The presidency is powerful—entirely too powerful. Through mission creep, popular acclaim, and abandonment of responsibility by the legislative branch, the nation’s chief executive has gained near-unilateral authority to wage war and is rapidly acquiring similarly monarchical say over domestic policy. But the office is still elected. The American people are entitled to job interviews with hopeful candidates. Unfortunately, presidential “debates” barely fill that role, least of all the choreographed kabuki meet-ups between Joe Biden and Donald Trump scheduled for this summer.
“Trump feeds off the crowd, they give him life,” an anonymous Biden adviser told Politico about the exclusion of audiences from the events. “We wanted to take that away.”

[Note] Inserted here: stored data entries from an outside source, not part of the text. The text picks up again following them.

lemma pmf_gnp_avoiding:
  assumes D: "D \<subseteq> all_pairs n" and p: "0 \<le> p" "p < 1"
  shows "pmf (gnp_avoiding n p D) G =
    (if G \<inter> D = {} then pmf (gnp n p) G / (1 - p) ^ card D else 0)"
proof (cases "G \<subseteq> all_pairs n \<and> G \<inter> D = {}")
  case True
  have "finite D"
    using D by (rule finite_subset) simp
  with True D have "card G + card D \<le> card (all_pairs n)"
    by (metis card_Un_disjoint card_mono finite_all_pairs finite_subset le_sup_iff)
  then have "(1 - p) ^ (card (all_pairs n) - card G) =
      (1 - p) ^ (card (all_pairs n) - card D - card G) * (1 - p) ^ card D"
    by (simp flip: power_add)
  with True D p \<open>finite D\<close> show ?thesis
    by (auto simp: gnp_avoiding_def pmf_edge_set_Pi_bernoulli pmf_gnp card_Diff_subset)
qed (use p in \<open>auto simp: gnp_avoiding_def pmf_edge_set_Pi_bernoulli pmf_gnp\<close>)

lemma sum_pmf_gnp_disjoint:
  assumes D: "D \<subseteq> all_pairs n" and p: "0 \<le> p" "p < 1"
  shows "(\<Sum>G\<in>Pow (all_pairs n). pmf (gnp n p) G * of_bool (G \<inter> D = {})) = (1 - p) ^ card D"
proof -
  have "1 = (\<Sum>G\<in>Pow (all_pairs n). pmf (gnp_avoiding n p D) G)"
    using set_pmf_gnp_avoiding by (intro sum_pmf_eq_1[symmetric]) auto
  also have "\<dots> = (\<Sum>G\<in>Pow (all_pairs n). pmf (gnp n p) G * of_bool (G \<inter> D = {})) / (1 - p) ^ card D"
    unfolding sum_divide_distrib by (intro sum.cong) (auto simp: pmf_gnp_avoiding assms)
  finally show ?thesis
    using p by (simp add: eq_divide_eq)
qed

lemma proper_colouring_chromatic_number: "\<exists>c. proper_colouring n E (chromatic_number n E) c"
  unfolding chromatic_number_def
  by (rule LeastI[of _ n]) (auto simp: proper_colouring_def intro: exI[of _ id])

lemma chromatic_number_le: "proper_colouring n E k c \<Longrightarrow> chromatic_number n E \<le> k"
  unfolding chromatic_number_def by (auto intro: Least_le)

lemma chromatic_number_le_Suc:
  assumes G: "G \<subseteq> all_pairs n" and S_independent: "\<forall>e\<in>G. \<not> e \<subseteq> S"
    and \<tau>_range: "\<And>v. v < n \<Longrightarrow> v \<notin> S \<Longrightarrow> \<tau> v < m"
    and \<tau>_hom: "\<And>u v. {u, v} \<in> G \<Longrightarrow> u \<notin> S \<Longrightarrow> v \<notin> S \<Longrightarrow> {\<tau> u, \<tau> v} \<in> H \<and> \<tau> u \<noteq> \<tau> v"
  shows "chromatic_number n G \<le> chromatic_number m H + 1"
proof -
  define k where "k = chromatic_number m H"
  obtain c where c: "proper_colouring m H k c"
    using proper_colouring_chromatic_number unfolding k_def by blast
  define c' where "c' v = (if v \<in> S then k else c (\<tau> v))" for v
  have "proper_colouring n G (k + 1) c'"
    unfolding proper_colouring_def
  proof (intro conjI allI impI)
    fix v
    assume "v < n"
    then show "c' v < k + 1"
      using c \<tau>_range by (auto simp: c'_def proper_colouring_def less_Suc_eq)
  next
    fix u v
    assume uv: "{u, v} \<in> G \<and> u \<noteq> v"
    then have "u < n" "v < n" "\<not> {u, v} \<subseteq> S"
      using G S_independent by (auto simp: all_pairs_eq)
    then show "c' u \<noteq> c' v"
      using c \<tau>_range \<tau>_hom[of u v] uv by (auto simp: c'_def proper_colouring_def)
  qed
  then show ?thesis
    unfolding k_def by (rule chromatic_number_le)
qed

Biden’s people are afraid that speaking in front of living, breathing humans plays to the presumed Republican candidate’s strengths (and, conversely, to Biden’s weaknesses), so they want it off the table. But that’s only one constraint placed on the gatherings planned for June 27 and September 10, specified by the Biden campaign and agreed to by Trump’s camp. The debates will bypass the bipartisan Commission on Presidential Debates and be hosted by CNN (June) and ABC News (September). They’ll exclude other presidential candidates. And the meetups will follow kindergarten rules, with the participants allowed to speak only in turn while the other candidate’s microphone is off.

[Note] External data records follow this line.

lemma is_solutionD:
  assumes "is_solution k I r \<theta> z pR pS" "t \<in> I"
  shows "0 < r t"
    and "(r has_real_derivative pR t) (at t)"
    and "(\<theta> has_real_derivative pS t / (r t)\<^sup>2) (at t)"
    and "(z has_real_derivative pS t / 2) (at t)"
    and "(pR has_real_derivative
           (pS t)\<^sup>2 / (r t)^3 - 2 * k * (r t)^3 / sqrt ((r t)^4 + 16 * (z t)\<^sup>2) ^ 3) (at t)"
    and "(pS has_real_derivative
           - (8 * k * (r t)\<^sup>2 * z t) / sqrt ((r t)^4 + 16 * (z t)\<^sup>2) ^ 3) (at t)"
  using assms unfolding is_solution_def by (auto simp flip: powr_three_halves)

lemma solution_energyH_DERIV:
  assumes sol: "is_solution k I r \<theta> z pR pS" and t: "t \<in> I"
  shows "((\<lambda>t. energyH k (r t) (z t) (pR t) (pS t)) has_real_derivative 0) (at t)"
proof -
  note d = is_solutionD[OF sol t]
  define S where "S = sqrt ((r t)^4 + 16 * (z t)\<^sup>2)"
  have pos: "0 < (r t)^4 + 16 * (z t)\<^sup>2"
    using d(1) by (simp add: add_pos_nonneg)
  then have nz: "S \<noteq> 0" "r t \<noteq> 0"
    using d(1) by (simp_all add: S_def)
  show ?thesis
    unfolding energyH_def
    by (rule derivative_eq_intros d(2-6) refl | (use pos nz in \<open>simp add: S_def\<close>; fail))+
      (unfold S_def[symmetric], simp add: field_simps nz, algebra)
qed

lemma solution_integralF3_DERIV:
  assumes sol: "is_solution k I r \<theta> z pR pS" and t: "t \<in> I"
  shows "((\<lambda>t. integralF3 k (r t) (z t) (pR t) (pS t)) has_real_derivative 0) (at t)"
proof -
  note d = is_solutionD[OF sol t]
  define S where "S = sqrt ((r t)^4 + 16 * (z t)\<^sup>2)"
  have pos: "0 < (r t)^4 + 16 * (z t)\<^sup>2"
    using d(1) by (simp add: add_pos_nonneg)
  then have nz: "S \<noteq> 0" "r t \<noteq> 0"
    using d(1) by (simp_all add: S_def)
  have S2: "S\<^sup>2 = (r t)^4 + 16 * (z t)\<^sup>2"
    by (simp add: S_def)
  show ?thesis
    unfolding integralF3_def
    by (rule derivative_eq_intros d(2-6) refl | (use pos nz in \<open>simp add: S_def\<close>; fail))+
      (unfold S_def[symmetric], simp add: field_simps nz, use S2 in algebra)
qed

lemma solution_energyH_constant:
  assumes "is_solution k I r \<theta> z pR pS"
  shows "\<exists>E. \<forall>t\<in>I. energyH k (r t) (z t) (pR t) (pS t) = E"
  using assms by (intro DERIV_zero_constant_on_interval solution_energyH_DERIV is_solution_interval)

lemma solution_integralF3_constant:
  assumes "is_solution k I r \<theta> z pR pS"
  shows "\<exists>c. \<forall>t\<in>I. integralF3 k (r t) (z t) (pR t) (pS t) = c"
  using assms by (intro DERIV_zero_constant_on_interval solution_integralF3_DERIV is_solution_interval)

lemma passes_origin_imp_integralF3_zero:
  assumes k: "0 < k" and sol: "is_solution k I r \<theta> z pR pS" and "passes_origin I r z"
  shows "\<forall>t\<in>I. integralF3 k (r t) (z t) (pR t) (pS t) = 0"
proof -
  obtain c where c: "\<forall>t\<in>I. integralF3 k (r t) (z t) (pR t) (pS t) = c"
    using solution_integralF3_constant[OF sol] by blast
  obtain E where E: "\<forall>t\<in>I. energyH k (r t) (z t) (pR t) (pS t) = E"
    using solution_energyH_constant[OF sol] by blast
  obtain t0 where t0: "t0 \<in> closure I" "t0 \<notin> I"
    and lim: "(r \<longlongrightarrow> 0) (at t0 within I)" "(z \<longlongrightarrow> 0) (at t0 within I)"
    using \<open>passes_origin I r z\<close> unfolding passes_origin_def by blast
  define bound where "bound t = 16 * \<bar>E\<bar> * ((z t)\<^sup>2 + (r t)^4) + 6 * k * (\<bar>z t\<bar> + (r t)\<^sup>2)" for t
  obtain t1 where "t1 \<in> I"
    using is_solution_interval(3)[OF sol] by blast
  then have "0 \<le> c"
    using c integralF3_nonneg[of k] k by force
  have "c \<le> bound t" if "t \<in> I" for t
  proof -
    have "r t \<noteq> 0"
      using is_solutionD(1)[OF sol that] by simp
    then show ?thesis
      using integralF3_le_energy_bound[of k "r t" "z t" "pR t" "pS t"] k c E that
      by (simp add: bound_def)
  qed
  then have "eventually (\<lambda>t. c \<le> bound t) (at t0 within I)"
    by (auto simp: eventually_at_filter)
  moreover have "(bound \<longlongrightarrow> 16 * \<bar>E\<bar> * (0\<^sup>2 + 0^4) + 6 * k * (\<bar>0\<bar> + 0\<^sup>2)) (at t0 within I)"
    unfolding bound_def by (intro tendsto_intros lim)
  then have "(bound \<longlongrightarrow> 0) (at t0 within I)"
    by simp
  ultimately have "((\<lambda>_. c) \<longlongrightarrow> 0) (at t0 within I)"
    using \<open>0 \<le> c\<close> by (intro tendsto_sandwich[of "\<lambda>_. 0" "\<lambda>_. c" _ bound]) simp_all
  moreover have "at t0 within I \<noteq> bot"
    using t0 by (simp add: trivial_limit_within closure_def)
  ultimately have "c = 0"
    using tendsto_unique tendsto_const by metis
  with c show ?thesis
    by simp
qed

lemma solution_theta_constant:
  assumes sol: "is_solution k I r \<theta> z pR pS" and "\<forall>t\<in>I. pS t = 0"
  shows "\<exists>c. \<forall>t\<in>I. \<theta> t = c"
  using assms is_solutionD(3)[OF sol]
  by (intro DERIV_zero_constant_on_interval is_solution_interval[OF sol]) auto

lemma radial_solution_energy:
  assumes sol: "is_solution k I r \<theta> z pR pS" and radial: "\<forall>t\<in>I. z t = 0 \<and> pS t = 0"
  shows "\<exists>E. \<forall>t\<in>I. energyH k (r t) (z t) (pR t) (pS t) = E \<and> (pR t)\<^sup>2 / 2 = E + k / (r t)\<^sup>2"
proof -
  obtain E where "\<forall>t\<in>I. energyH k (r t) (z t) (pR t) (pS t) = E"
    using solution_energyH_constant[OF sol] by blast
  with radial show ?thesis
    by (auto simp: energyH_radial intro!: exI[of _ E])
qed

lemma radial_solution_r_squared:
  assumes sol: "is_solution k I r \<theta> z pR pS" and radial: "\<forall>t\<in>I. z t = 0 \<and> pS t = 0"
    and E: "\<forall>t\<in>I. (pR t)\<^sup>2 / 2 = E + k / (r t)\<^sup>2" and t1: "t1 \<in> I"
  shows "\<forall>t\<in>I. 2 * r t * pR t = 4 * E * (t - t1) + 2 * r t1 * pR t1
               \<and> (r t)\<^sup>2 = 2 * E * (t - t1)\<^sup>2 + 2 * r t1 * pR t1 * (t - t1) + (r t1)\<^sup>2"
proof -
  note interval = is_solution_interval(2)[OF sol]
  have pR': "(pR has_real_derivative - 2 * k / (r t)^3) (at t)" if "t \<in> I" for t
  proof -
    have "sqrt ((r t)^4 + 16 * (z t)\<^sup>2) ^ 3 = ((r t)\<^sup>2)^3"
      using radial that by (simp add: real_sqrt_power4)
    then show ?thesis
      using is_solutionD(5)[OF sol that] radial that is_solutionD(1)[OF sol that]
      by (simp add: field_simps eval_nat_numeral)
  qed
  obtain c where c: "\<forall>t\<in>I. 2 * r t * pR t - 4 * E * (t - t1) = c"
  proof (atomize_elim, rule DERIV_zero_constant_on_interval[OF interval])
    fix t assume t: "t \<in> I"
    have "(pR t)\<^sup>2 = 2 * E + 2 * k / (r t)\<^sup>2"
      using E t by (simp add: field_simps)
    then show "((\<lambda>t. 2 * r t * pR t - 4 * E * (t - t1)) has_real_derivative 0) (at t)"
      using is_solutionD(1)[OF sol t]
      by (auto intro!: derivative_eq_intros is_solutionD(2)[OF sol t] pR'[OF t]
          simp: field_simps power2_eq_square power3_eq_cube)
  qed
  have velocity: "\<forall>t\<in>I. 2 * r t * pR t = 4 * E * (t - t1) + 2 * r t1 * pR t1"
    using c[rule_format, OF t1] c by auto
  obtain c' where c': "\<forall>t\<in>I. (r t)\<^sup>2 - (2 * E * (t - t1)\<^sup>2 + 2 * r t1 * pR t1 * (t - t1)) = c'"
  proof (atomize_elim, rule DERIV_zero_constant_on_interval[OF interval])
    fix t assume t: "t \<in> I"
    show "((\<lambda>t. (r t)\<^sup>2 - (2 * E * (t - t1)\<^sup>2 + 2 * r t1 * pR t1 * (t - t1))) has_real_derivative 0) (at t)"
      using velocity t
      by (auto intro!: derivative_eq_intros is_solutionD(2)[OF sol t] simp: algebra_simps)
  qed
  then show ?thesis
    using c'[rule_format, OF t1] velocity by auto
qed

lemma is_solution_sqrt_quadratic:
  assumes J: "open J" "is_interval J" "J \<noteq> {}" and pos: "\<And>t. t \<in> J \<Longrightarrow> 0 < q t"
    and q': "\<And>t. (q has_real_derivative dq t) (at t)"
    and dq': "\<And>t. (dq has_real_derivative 4 * E) (at t)"
    and disc: "\<And>t. (dq t)\<^sup>2 - 8 * E * q t = 8 * k"
  shows "is_solution k J (\<lambda>t. sqrt (q t)) (\<lambda>_. \<theta>0) (\<lambda>_. 0) (\<lambda>t. dq t / (2 * sqrt (q t))) (\<lambda>_. 0)"
  unfolding is_solution_def
proof (intro conjI ballI J)
  fix t assume "t \<in> J"
  define s where "s = sqrt (q t)"
  have "0 < q t"
    using pos \<open>t \<in> J\<close> .
  then have s: "0 < s" "s\<^sup>2 = q t"
    by (simp_all add: s_def)
  show "0 < sqrt (q t)"
    using s by (simp add: s_def)
  show "((\<lambda>t. sqrt (q t)) has_real_derivative dq t / (2 * sqrt (q t))) (at t)"
    using DERIV_chain2[OF DERIV_real_sqrt[OF \<open>0 < q t\<close>] q'] by (simp add: field_simps)
  show "((\<lambda>_. \<theta>0) has_real_derivative 0 / (sqrt (q t))\<^sup>2) (at t)"
    and "((\<lambda>_. 0) has_real_derivative 0 / 2) (at t)"
    and "((\<lambda>_. 0) has_real_derivative
           - (8 * k * (sqrt (q t))\<^sup>2 * 0) / ((sqrt (q t))^4 + 16 * 0\<^sup>2) powr (3/2)) (at t)"
    by simp_all
  have "(s^4 + 16 * 0\<^sup>2) powr (3/2) = s^6"
    by (simp add: powr_three_halves real_sqrt_power4 flip: power_mult)
  then have target: "0\<^sup>2 / s^3 - 2 * k * s^3 / (s^4 + 16 * 0\<^sup>2) powr (3/2)
      = (8 * E * s\<^sup>2 - (dq t)\<^sup>2) / (4 * s^3)"
    using s disc[of t] by (simp add: field_simps)
  have "((\<lambda>t. dq t / (2 * sqrt (q t))) has_real_derivative
          (4 * E * (2 * s) - dq t * (2 * (dq t / (2 * s)))) / (2 * s)\<^sup>2) (at t)"
    using \<open>0 < q t\<close> unfolding s_def
    by (auto intro!: derivative_eq_intros q' dq' simp: field_simps power2_eq_square)
  then show "((\<lambda>t. dq t / (2 * sqrt (q t))) has_real_derivative
      0\<^sup>2 / (sqrt (q t))^3 - 2 * k * (sqrt (q t))^3 / ((sqrt (q t))^4 + 16 * 0\<^sup>2) powr (3/2)) (at t)"
    unfolding s_def[symmetric] target using s(1) by (simp add: field_simps power2_eq_square power3_eq_cube)
qed

lemma discrim_pos_root_exists:
  fixes a b c :: real
  assumes "0 < discrim a b c"
  shows "\<exists>x. a * x\<^sup>2 + b * x + c = 0"
proof (cases "a = 0")
  case True
  with assms have "b \<noteq> 0"
    by (simp add: discrim_def)
  with True show ?thesis
    by (intro exI[of _ "- c / b"]) simp
qed (use assms discriminant_nonneg_ex in auto)

lemma connected_component_positive_frontier_zero:
  fixes q :: "'a::real_normed_vector \<Rightarrow> real"
  assumes q: "continuous_on UNIV q" and "0 < q t1" "q ts \<le> 0"
  shows "\<exists>t0\<in>frontier (connected_component_set {t. 0 < q t} t1). q t0 = 0"
proof -
  define U where "U = {t. 0 < q t}"
  have "open U"
    unfolding U_def by (rule open_Collect_less[OF continuous_on_const q])
  have "closure U \<subseteq> {t. 0 \<le> q t}"
    unfolding U_def by (intro closure_minimal closed_Collect_le[OF continuous_on_const q]) auto
  have "t1 \<in> connected_component_set U t1"
    using \<open>0 < q t1\<close> by (simp add: U_def)
  moreover have "ts \<notin> connected_component_set U t1"
    using connected_component_subset[of U t1] \<open>q ts \<le> 0\<close> by (force simp: U_def)
  ultimately obtain t0 where "t0 \<in> frontier (connected_component_set U t1)"
    using frontier_not_empty[of "connected_component_set U t1"] by blast
  moreover have "t0 \<in> closure U - U" if "t0 \<in> frontier U"
    using that \<open>open U\<close> by (simp add: frontier_def interior_open)
  ultimately have "0 \<le> q t0" "\<not> 0 < q t0"
    using frontier_of_connected_component_subset[of U t1] \<open>closure U \<subseteq> {t. 0 \<le> q t}\<close>
    by (auto simp: U_def)
  then show ?thesis
    using \<open>t0 \<in> frontier (connected_component_set U t1)\<close> unfolding U_def by force
qed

This year’s strange, rule-bound “debates” are the inevitable culmination of a long process of making the meetups as easy as possible for Democratic and Republican standard-bearers. The Commission on Presidential Debates, which is so aggrieved to have been sidelined, was itself created by the major parties to craft situations friendly to their candidates after independent organizations, such as the League of Women Voters, refused to oblige.